54. The Talis and Tefillin are worn for Mincha.
Other Customs:
55. There is a custom to visit a cemetery after completion of the morning services.
56. There is a custom to wash the floors and clean the house in the afternoon. The custom is based on a tradition that
Moshiach will be born on Tisha B’av afternoon and that it is therefore appropriate to commemorate the redemption and
strengthen people’s hopes and prayers.
Restrictions on the 10th of Av:
57. All the restrictions of the 3 weeks and the Nine Days continue until Halachik Mid-day of the 10th of Av.
58. It is customary to perform “Kiddush Levana” [blessing the new moon] together with the congregation on Thursday
evening after Ma’ariv. Others say it privately after eating and changing one’s shoes.

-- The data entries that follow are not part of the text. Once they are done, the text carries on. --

lemma pow_mat_Suc_left:
  assumes "A \<in> carrier_mat n n"
  shows "A ^\<^sub>m Suc k = A * A ^\<^sub>m k"
proof (induction k)
  case 0
  then show ?case using assms by simp
next
  case (Suc k)
  have "A ^\<^sub>m Suc (Suc k) = (A * A ^\<^sub>m k) * A" using Suc by simp
  also have "\<dots> = A * A ^\<^sub>m Suc k" using assms by (simp add: assoc_mult_mat[of _ n n _ n _ n])
  finally show ?case .
qed

lemma pow_mat_smult:
  fixes c :: "'a :: comm_semiring_1"
  assumes "A \<in> carrier_mat n n"
  shows "(c \<cdot>\<^sub>m A) ^\<^sub>m k = c ^ k \<cdot>\<^sub>m A ^\<^sub>m k"
proof (induction k)
  case 0
  then show ?case using assms by (auto intro!: eq_matI)
next
  case (Suc k)
  then show ?case
    using assms by (auto intro!: eq_matI sum.cong simp: scalar_prod_def sum_distrib_left mult_ac)
qed

lemma eigenvalue_smult_mat:
  fixes A :: "complex mat"
  assumes A: "A \<in> carrier_mat n n" and c: "c \<noteq> 0" and ev: "eigenvalue (c \<cdot>\<^sub>m A) e"
  shows "eigenvalue A (e / c)"
proof -
  from ev obtain v where v: "v \<in> carrier_vec n" "v \<noteq> 0\<^sub>v n" "(c \<cdot>\<^sub>m A) *\<^sub>v v = e \<cdot>\<^sub>v v"
    using A unfolding eigenvalue_def eigenvector_def by auto
  have "A *\<^sub>v v = (e / c) \<cdot>\<^sub>v v"
  proof (rule eq_vecI)
    fix i assume i: "i < dim_vec ((e / c) \<cdot>\<^sub>v v)"
    have "c * (A *\<^sub>v v) $ i = e * v $ i"
      using arg_cong[OF v(3), of "\<lambda>w. w $ i"] i v(1) A
      by (simp add: scalar_prod_def sum_distrib_left ac_simps)
    then show "(A *\<^sub>v v) $ i = ((e / c) \<cdot>\<^sub>v v) $ i"
      using i c by (simp add: field_simps)
  qed (use A v in simp)
  then show ?thesis using v A unfolding eigenvalue_def eigenvector_def by auto
qed

lemma spectral_radius_smult_le:
  assumes A: "A \<in> carrier_mat n n" and n: "0 < n" and c: "c \<noteq> 0"
  shows "spectral_radius (c \<cdot>\<^sub>m A) \<le> cmod c * spectral_radius A"
proof -
  have cA: "c \<cdot>\<^sub>m A \<in> carrier_mat n n" using A by simp
  obtain e where e: "eigenvalue (c \<cdot>\<^sub>m A) e" "spectral_radius (c \<cdot>\<^sub>m A) = cmod e"
    using spectral_radius_mem_max(1)[OF cA n] unfolding spectrum_def by auto
  have "cmod (e / c) \<le> spectral_radius A"
    using eigenvalue_smult_mat[OF A c e(1)]
    by (intro spectral_radius_mem_max(2)[OF A n]) (auto simp: spectrum_def)
  then show ?thesis using e(2) c by (simp add: norm_divide field_simps)
qed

59. When Tisha B’av falls out on a Thursday, you are permitted to take a shave/haircut and wash clothes on Thursday night
– in honor of Shabbos
60. When Tisha B’av falls out on a Thursday, you should delay saying Kiddush Levana until Motzei Shabbos.
􀂃 The fast and Tisha B’av restrictions end at 9:33 P.M. on Thursday evening.
􀂃 The Talmud teaches that “Whoever mourns over Jerusalem will merit to see her happiness, and whoever does not mourn
over Jerusalem will not merit to see her happiness, May we all merit to experience the happiness of Jerusalem soon!